In his Prolegomena to Any Future Metaphysics, Immanuel Kant raises an important question about the status of philosophy: despite its long, illustrious history, why cannot philosophy, ‘as other sciences, attain universal and lasting acclaim?’ (Kant 2014, 5). Almost 130 years later, and after a century of impressive developments in the sciences, Bertrand Russell reaffirms Kant's observation, noting that ‘[i]f you ask a mathematician, a mineralogist, a historian, or any other man of learning, what definite body of truths has been ascertained by his science, his answer will last as long as you are willing to listen’. If you ask the same question of a philosopher, however, ‘he will, if he is candid, have to confess that his study has not achieved positive results such as have been achieved by other sciences’ (Russell 2001, 90). More recently, things have gotten arguably worse for philosophers, with some, such as Daniel Dennett, directing his fire at the continental tradition and blaming them for contributing to the cultural climate that allowed someone like Donald Trump to be elected as President of the United States. ‘I think what the postmodernists did’, Dennett claims, ‘was truly evil. They are responsible for the intellectual fad that made it respectable to be cynical about truth and facts.’ In taking up the theme of truth and relevance, as this book will, and by drawing from the work of Gilles Deleuze in the process (a philosopher who could be grouped among the postmodern philosophers), it may appear that I am simply adding yet another work to the list of those that not only do not contribute to the ‘definite body of truths’, as Russell aspired to do, but even worse contribute to the contemporary cynicism ‘about truth and facts’ by watering down truth with discussions of relevance.
In discussing truth and relevance, however, the plan for this work is not to diminish the status of truth, or to provide support and comfort for post-truth relativism. Rather, we will begin with Kant and Russell, and in particular their recognition that philosophy pales by comparison to the sciences when it comes to attaining a ‘definite body of truths’.
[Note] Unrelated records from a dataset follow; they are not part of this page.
theory Submission
  imports Defs "HOL-Library.Countable_Set_Type"
begin

(* Suppose there is no (aleph_0, kappa)-subgraph. Then for every countably infinite T \<subseteq> A, fewer
   than kappa vertices of B have infinitely many neighbours in T.
   A set X with |X| < cf kappa has fewer than cf kappa countably infinite subsets: either
   2^|X| < cf kappa, or by GCH cf kappa = |X|^+; then |X| has uncountable cofinality, so every
   countable subset of X lies in one of the |X| proper initial segments, each of which has at most
   |X| subsets. As every vertex of B has infinitely many neighbours in A, lambda < cf kappa would
   cover B by fewer than cf kappa sets of size < kappa. So kappa is singular, hence
   kappa > lambda^+ = 2^lambda.
   Along cf kappa one now chooses pieces (C_i, D_i) by transfinite recursion: fewer than kappa
   vertices of B lie in an earlier D or have infinitely many neighbours in the union of the earlier
   C's. Each of the kappa remaining vertices picks a countably infinite set of fresh neighbours;
   as there are only 2^lambda < kappa such sets, one of them, taken as C_i, is picked by more
   vertices than any prescribed cardinal below kappa. *)

unbundle cardinal_syntax


lemma card_of_rel_refl: "a \<in> X \<Longrightarrow> (a, a) \<in> |X|"
  using wo_rel.REFL[of "|X|"] card_of_Well_order[of X]
  by (auto simp: wo_rel_def refl_on_def Field_card_of)

lemma card_of_rel_trans: "(a, b) \<in> |X| \<Longrightarrow> (b, c) \<in> |X| \<Longrightarrow> (a, c) \<in> |X|"
  using wo_rel.TRANS[of "|X|"] card_of_Well_order[of X] by (auto simp: wo_rel_def trans_def)

lemma card_of_rel_total: "a \<in> X \<Longrightarrow> b \<in> X \<Longrightarrow> (a, b) \<in> |X| \<or> (b, a) \<in> |X|"
  using wo_rel.TOTALS[of "|X|"] card_of_Well_order[of X] by (auto simp: wo_rel_def Field_card_of)

lemma card_of_rel_antisym: "(a, b) \<in> |X| \<Longrightarrow> (b, a) \<in> |X| \<Longrightarrow> a = b"
  using wo_rel.ANTISYM[of "|X|"] card_of_Well_order[of X] by (auto simp: wo_rel_def antisym_def)

lemma card_of_rel_in: "(a, b) \<in> |X| \<Longrightarrow> a \<in> X \<and> b \<in> X"
  using FieldI1 FieldI2 Field_card_of by metis

lemma underS_card_of_mono: "(a, b) \<in> |X| \<Longrightarrow> underS |X| a \<subseteq> underS |X| b"
  by (rule underS_incr) (auto simp: trans_def antisym_def intro: card_of_rel_trans card_of_rel_antisym)

lemma card_of_finite_ordLess_infinite: "finite A \<Longrightarrow> infinite B \<Longrightarrow> |A| <o |B|"
  by (metis card_of_Well_order Field_card_of finite_ordLess_infinite)

lemma card_of_Times_ordLess_infinite:
  assumes C: "infinite C" and "|A| <o |C|" "|B| <o |C|"
  shows "|A \<times> B| <o |C|"
proof -
  let ?P = "A <+> B"
  have P: "|?P| <o |C|" using card_of_Plus_ordLess_infinite[OF assms] .
  have "|A \<times> B| \<le>o |?P \<times> ?P|"
    using ordLeq_transitive[OF card_of_Times_mono1[OF card_of_Plus1] card_of_Times_mono2[OF card_of_Plus2]] .
  moreover have "|?P \<times> ?P| <o |C|"
  proof (cases "finite ?P")
    case True
    then show ?thesis using card_of_finite_ordLess_infinite[OF _ C] finite_cartesian_product by blast
  next
    case False
    then show ?thesis using ordIso_ordLess_trans[OF card_of_Times_same_infinite P] by simp
  qed
  ultimately show ?thesis by (rule ordLeq_ordLess_trans)
qed
text \<open>Leading-term bookkeeping: one differentiation step raises the degree of the
  numerator by at most deg w and multiplies the coefficient at the top by an
  explicit linear factor (the "indicial" factor at u = \<infinity>).\<close>

lemma quot_step_top_coeff:
  fixes q w :: "complex poly"
  assumes "degree q \<le> n"
  shows "degree (quot_step w m c q) \<le> n + degree w \<and>
    coeff (quot_step w m c q) (n + degree w) =
      coeff q n * lead_coeff w * (of_nat n + c - of_nat m * of_nat (degree w))"
proof -
  define A where "A = pCons 0 (pderiv q) + smult c q"
  define B where "B = pCons 0 (pderiv w)"
  have degree_euler: "degree (pCons 0 (pderiv p)) \<le> degree p" for p :: "complex poly"
  proof (cases "pderiv p = 0")
    case False
    then have "degree p \<noteq> 0" using pderiv_eq_0_iff by blast
    then show ?thesis using False by (simp add: degree_pderiv)
  qed simp
  have coeff_euler: "coeff (pCons 0 (pderiv p)) k = of_nat k * coeff p k" for p :: "complex poly" and k
    by (cases k) (simp_all add: coeff_pderiv)
  have dA: "degree A \<le> n" unfolding A_def
    using degree_euler[of q] assms by (intro degree_add_le) (auto intro: order.trans[OF degree_smult_le])
  have cA: "coeff A n = (of_nat n + c) * coeff q n"
    unfolding A_def by (simp add: coeff_euler algebra_simps)
  have dB: "degree B \<le> degree w" unfolding B_def by (rule degree_euler)
  have cB: "coeff B (degree w) = of_nat (degree w) * lead_coeff w"
    unfolding B_def by (simp add: coeff_euler)
  have eq: "quot_step w m c q = A * w - smult (of_nat m) (B * q)"
    unfolding quot_step_def A_def B_def by simp
  have "degree (A * w) \<le> n + degree w"
    using dA by (meson add_le_mono degree_mult_le order.trans order_refl)
  moreover have "degree (B * q) \<le> n + degree w"
    using dB assms by (metis add.commute add_le_mono degree_mult_le order.trans)
  ultimately have "degree (quot_step w m c q) \<le> n + degree w"
    unfolding eq by (intro degree_diff_le) (auto intro: order.trans[OF degree_smult_le])
  moreover have "coeff (quot_step w m c q) (n + degree w) =
      coeff q n * lead_coeff w * (of_nat n + c - of_nat m * of_nat (degree w))"
    unfolding eq using coeff_mult_at_bounds[OF dA order_refl, of w] coeff_mult_at_bounds[OF dB assms]
    by (simp add: cA cB add.commute algebra_simps)
  ultimately show ?thesis by blast
qed
lemma slot_bij:
  fixes A :: "('n::finite \<Rightarrow> rat) set"
  assumes idx: "bij_betw idx UNIV {..<CARD('n)}" and A: "finite A" "no_common_coord A"
  shows "bij_betw (slot idx A) (UNIV \<times> A) {..<CARD('n) * card A}"
proof -
  have inj: "inj idx" using idx by (simp add: bij_betw_def)
  have "inj_on (slot idx A) (UNIV \<times> A)"
  proof (rule inj_onI, clarify)
    fix i x j y assume xy: "x \<in> A" "y \<in> A" and eq: "slot idx A (i, x) = slot idx A (j, y)"
    have "\<not> (idx i < idx j \<or> i = j \<and> x i < y i)" "\<not> (idx j < idx i \<or> j = i \<and> y j < x j)"
      using slot_less_iff[OF inj A(1) xy, of i j] slot_less_iff[OF inj A(1) xy(2,1), of j i] eq by auto
    then have "i = j" "x i = y i" using injD[OF inj] by (metis linorder_neqE)+
    then show "i = j \<and> x = y" using A(2) xy unfolding no_common_coord_def by blast
  qed
  moreover have "slot idx A ` (UNIV \<times> A) \<subseteq> {..<CARD('n) * card A}"
  proof clarify
    fix i x assume "x \<in> A"
    then have "idx i * card A + coord_rank A i x < Suc (idx i) * card A"
      using coord_rank_less_card[OF A(1)] by simp
    also have "\<dots> \<le> CARD('n) * card A"
      using idx by (intro mult_le_mono1) (auto simp: bij_betw_def Suc_le_eq)
    finally show "slot idx A (i, x) < CARD('n) * card A" unfolding slot_def by simp
  qed
  moreover have "card ((UNIV :: 'n set) \<times> A) = CARD('n) * card A" by (simp add: card_cartesian_product)
  ultimately show ?thesis
    by (metis bij_betw_def card_image card_lessThan card_subset_eq finite_lessThan)
qed

lemma slot_coord_embedding_less_iff:
  fixes A B :: "('n \<Rightarrow> 'a::linorder) set"
  assumes "inj idx" "finite A" "finite B" "coord_embedding A B e" "x \<in> A" "y \<in> A"
  shows "slot idx B (i, e x) < slot idx B (j, e y) \<longleftrightarrow> slot idx A (i, x) < slot idx A (j, y)"
proof -
  have "e x \<in> B" "e y \<in> B" "e x i < e y i \<longleftrightarrow> x i < y i"
    using assms(4-6) unfolding coord_embedding_def by auto
  then show ?thesis using slot_less_iff[OF assms(1,3)] slot_less_iff[OF assms(1,2,5,6)] by simp
qed

lemma nth_sorted_list_of_set_less_iff:
  assumes "finite T" "i < card T" "j < card T"
  shows "sorted_list_of_set T ! i < sorted_list_of_set T ! j \<longleftrightarrow> i < j"
proof -
  have "sorted_wrt (<) (sorted_list_of_set T)" by (rule strict_sorted_list_of_set)
  then have "sorted_list_of_set T ! i < sorted_list_of_set T ! j" if "i < j" "j < card T" for i j
    using that assms(1) by (simp add: sorted_wrt_nth_less)
  then show ?thesis using assms(2,3) by (metis less_asym linorder_neqE)
qed

lemma inj_on_order_iso:
  fixes f :: "'q \<Rightarrow> 'a::linorder" and g :: "'q \<Rightarrow> 'b::linorder"
  assumes "inj_on g S" "\<forall>q\<in>S. \<forall>q'\<in>S. f q < f q' \<longleftrightarrow> g q < g q'"
  shows "inj_on f S"
  using assms by (intro inj_onI) (metis inj_on_eq_iff less_irrefl linorder_neqE)

lemma nth_sorted_list_of_set_image:
  fixes val :: "'q \<Rightarrow> 'a::linorder"
  assumes \<kappa>: "bij_betw \<kappa> S {..<N}" and val: "\<forall>q\<in>S. \<forall>q'\<in>S. val q < val q' \<longleftrightarrow> \<kappa> q < \<kappa> q'"
    and s: "s \<in> S"
  shows "sorted_list_of_set (val ` S) ! \<kappa> s = val s"
proof -
  define h where "h = val \<circ> inv_into S \<kappa>"
  have h_less: "h k < h k'" if "k < k'" "k' < N" for k k'
    using that val \<kappa> unfolding h_def
    by (simp add: bij_betw_inv_into_right bij_betw_imp_surj_on inv_into_into)
  have "finite (val ` S)" using bij_betw_finite[OF \<kappa>] by simp
  have "inj_on val S" using inj_on_order_iso[OF bij_betw_imp_inj_on[OF \<kappa>] val] .
  then have "card (val ` S) = N" using \<kappa> by (simp add: card_image bij_betw_same_card)
  moreover have "set (map h [0..<N]) = val ` S"
  proof -
    have "inv_into S \<kappa> ` {..<N} = S"
      using \<kappa> by (metis bij_betw_def inv_into_image_cancel order_refl)
    moreover have "set (map h [0..<N]) = val ` inv_into S \<kappa> ` {..<N}"
      unfolding h_def by (auto simp: lessThan_atLeast0)
    ultimately show ?thesis by simp
  qed
  moreover have "sorted_wrt (<) (map h [0..<N])"
    using h_less by (simp add: sorted_wrt_iff_nth_less)
  ultimately have "sorted_list_of_set (val ` S) = map h [0..<N]"
    using \<open>finite (val ` S)\<close>
    by (metis length_map length_upt minus_nat.diff_0 sorted_list_of_set_unique subset_UNIV)
  moreover have "\<kappa> s < N" "inv_into S \<kappa> (\<kappa> s) = s"
    using \<kappa> s by (auto simp: bij_betw_def)
  ultimately show ?thesis unfolding h_def by simp
qed

lemma no_common_coord_subset: "no_common_coord D \<Longrightarrow> A \<subseteq> D \<Longrightarrow> no_common_coord A"
  unfolding no_common_coord_def by blast

lemma dense_Qn_grid:
  fixes D :: "('n \<Rightarrow> rat) set"
  assumes "dense_Qn D"
  obtains d :: "('n \<Rightarrow> nat) \<Rightarrow> ('n \<Rightarrow> rat)"
  where "\<And>u. d u \<in> D" "\<And>u v i. u i < v i \<Longrightarrow> d u i < d v i"
proof -
  have "\<exists>q\<in>D. \<forall>i. of_nat (u i) - 1/2 < q i \<and> q i < of_nat (u i) + 1/2" for u :: "'n \<Rightarrow> nat"
    using assms[unfolded dense_Qn_def, rule_format, of "\<lambda>i. of_nat (u i) - 1/2" "\<lambda>i. of_nat (u i) + 1/2"]
    by simp
  then obtain d where d: "\<And>u. d u \<in> D"
    and near: "\<And>u i. of_nat (u i) - 1/2 < d u i \<and> d u i < of_nat (u i) + (1/2 :: rat)"
    by metis
  have "d u i < d v i" if "u i < v i" for u v i
  proof -
    have "of_nat (u i) + 1 \<le> (of_nat (v i) :: rat)" using that by simp
    then show ?thesis using near[of u i] near[of v i] by linarith
  qed
  then show ?thesis using that d by blast
qed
In this chapter I will continue to develop the distinction between forced and authentic narratives, or what I will also call free narratives. To provide a context that will enable us to clarify this distinction, and then connect the discussion to politics, we will begin by focusing on classical republicanism. With the emphasis it places on doing what is necessary to avoid arbitrary power, or situations where one is at the unpredictable mercy of another, classical republican thought has focused heavily on determining how to resist such arbitrary forms of power, such as through an institutionalised system of checks and balances. In what may seem to be a surprising connection, we will find important parallels between these concerns and efforts of classical republicans and those of Deleuze and the existentialists. Exploring these parallels, and then discussing arguments from recent work on Marxism and the history of capitalism, will provide us with further tools to be deployed in the next two chapters as we develop a critical existentialism.
a) Forced narratives
In his classic book, Natural Right and History, Leo Strauss sets forth an important analysis of the difference between classical and modern natural right. In relation to the former, Strauss claims that ‘[i]t is the hierarchic order of man’s natural constitution which supplies the basis for natural right as the classics understood it’ (Strauss 1953, 127). In other words, human beings possess a higher faculty which is capable of accessing a reality that is irreducible to the everyday reality of experience – the Forms or Ideas for Plato – but this can only be achieved as humans come to realise the perfection that is essential to their nature, and, according to the classical tradition, this perfection occurs only when individuals subordinate their individuality to the identity of the polis, or to civil society. Strauss is clear on this point: ‘Man cannot reach his perfection except in society or, more precisely, in civil society … or the city as the classics conceived of it … a closed society’ (127). The city or polis thus functions as nothing less than the condition for the full realisation of the individual, and the moral obligations and duties of the individual are inseparable from what is good for the city as a whole, or for the common good: ‘The city has therefore ultimately no other end than the individual.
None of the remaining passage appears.